> **Brief**: The full listing below should be printed word for word.

> **Dataset**:
(* Let $\mathcal{W}',\hat{\mathcal{W}}'\in\mathbb{K}^{I_1\times\cdots\times I_\ell}$ have multilinear ranks $(R_1,\dots,R_\ell)$ and $(\hat{R}_1,\dots,\hat{R}_\ell)$ respectively. Fix $j$ and let $\mathbf{V}\in\mathbb{K}^{I_j\times R_j}$ have orthonormal columns whose range equals the span of the mode-$j$ fibers of $\mathcal{W}'$. If $\hat{R}_j\leq R_j$, then there is $\hat{\mathbf{V}}\in\mathbb{K}^{I_j\times R_j}$ with orthonormal columns whose range contains the span of the mode-$j$ fibers of $\hat{\mathcal{W}}'$, such that $$\|\mathcal{W}'\cdot_j\mathbf{V}^{\mathrm{H}}-\hat{\mathcal{W}}'\cdot_j\hat{\mathbf{V}}^{\mathrm{H}}\|_{\mathrm{F}}\leq\|\mathcal{W}'-\hat{\mathcal{W}}'\|_{\mathrm{F}}.$$ Consequently, with $R^*_i=\max\{R_i,\hat{R}_i\}$, there exist orthogonal compressions $\mathcal{W},\hat{\mathcal{W}}\in\mathbb{K}^{R^*_1\times\cdots\times R^*_\ell}$ of $\mathcal{W}'$ and $\hat{\mathcal{W}}'$ respectively with $\|\mathcal{W}-\hat{\mathcal{W}}\|_{\mathrm{F}}\leq\|\mathcal{W}'-\hat{\mathcal{W}}'\|_{\mathrm{F}}$.
   Context: $\mathbb{K}$ denotes $\mathbb{R}$ or $\mathbb{C}$. Mode-$i$ fibers of an order-$\ell$ tensor are the vectors obtained by varying the $i$th index with the others fixed; the multilinear rank is $(R_1,\dots,R_\ell)$ with $R_i$ the dimension of the span of the mode-$i$ fibers. $\mathcal{X}\cdot_i\mathbf{M}$ applies the matrix $\mathbf{M}$ to every mode-$i$ fiber. Here an orthogonal compression of $\mathcal{X}\in\mathbb{K}^{I_1\times\cdots\times I_\ell}$ to size $R^*_1\times\cdots\times R^*_\ell$ means $\mathcal{X}\cdot_1\mathbf{V}_1^{\mathrm{H}}\cdots\cdot_\ell\mathbf{V}_\ell^{\mathrm{H}}$ where each $\mathbf{V}_i\in\mathbb{K}^{I_i\times R^*_i}$ has orthonormal columns whose range contains the span of the mode-$i$ fibers of $\mathcal{X}$. *)

theory Defs
  imports Complex_Main "Jordan_Normal_Form.Schur_Decomposition" "Jordan_Normal_Form.VS_Connect"
begin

> **Response**:
(* Let $\mathcal{W}',\hat{\mathcal{W}}'\in\mathbb{K}^{I_1\times\cdots\times I_\ell}$ have multilinear ranks $(R_1,\dots,R_\ell)$ and $(\hat{R}_1,\dots,\hat{R}_\ell)$ respectively. Fix $j$ and let $\mathbf{V}\in\mathbb{K}^{I_j\times R_j}$ have orthonormal columns whose range equals the span of the mode-$j$ fibers of $\mathcal{W}'$. If $\hat{R}_j\leq R_j$, then there is $\hat{\mathbf{V}}\in\mathbb{K}^{I_j\times R_j}$ with orthonormal columns whose range contains the span of the mode-$j$ fibers of $\hat{\mathcal{W}}'$, such that $$\|\mathcal{W}'\cdot_j\mathbf{V}^{\mathrm{H}}-\hat{\mathcal{W}}'\cdot_j\hat{\mathbf{V}}^{\mathrm{H}}\|_{\mathrm{F}}\leq\|\mathcal{W}'-\hat{\mathcal{W}}'\|_{\mathrm{F}}.$$ Consequently, with $R^*_i=\max\{R_i,\hat{R}_i\}$, there exist orthogonal compressions $\mathcal{W},\hat{\mathcal{W}}\in\mathbb{K}^{R^*_1\times\cdots\times R^*_\ell}$ of $\mathcal{W}'$ and $\hat{\mathcal{W}}'$ respectively with $\|\mathcal{W}-\hat{\mathcal{W}}\|_{\mathrm{F}}\leq\|\mathcal{W}'-\hat{\mathcal{W}}'\|_{\mathrm{F}}$.
   Context: $\mathbb{K}$ denotes $\mathbb{R}$ or $\mathbb{C}$. Mode-$i$ fibers of an order-$\ell$ tensor are the vectors obtained by varying the $i$th index with the others fixed; the multilinear rank is $(R_1,\dots,R_\ell)$ with $R_i$ the dimension of the span of the mode-$i$ fibers. $\mathcal{X}\cdot_i\mathbf{M}$ applies the matrix $\mathbf{M}$ to every mode-$i$ fiber. Here an orthogonal compression of $\mathcal{X}\in\mathbb{K}^{I_1\times\cdots\times I_\ell}$ to size $R^*_1\times\cdots\times R^*_\ell$ means $\mathcal{X}\cdot_1\mathbf{V}_1^{\mathrm{H}}\cdots\cdot_\ell\mathbf{V}_\ell^{\mathrm{H}}$ where each $\mathbf{V}_i\in\mathbb{K}^{I_i\times R^*_i}$ has orthonormal columns whose range contains the span of the mode-$i$ fibers of $\mathcal{X}$. *)

theory Defs
  imports Complex_Main "Jordan_Normal_Form.Schur_Decomposition" "Jordan_Normal_Form.VS_Connect"
begin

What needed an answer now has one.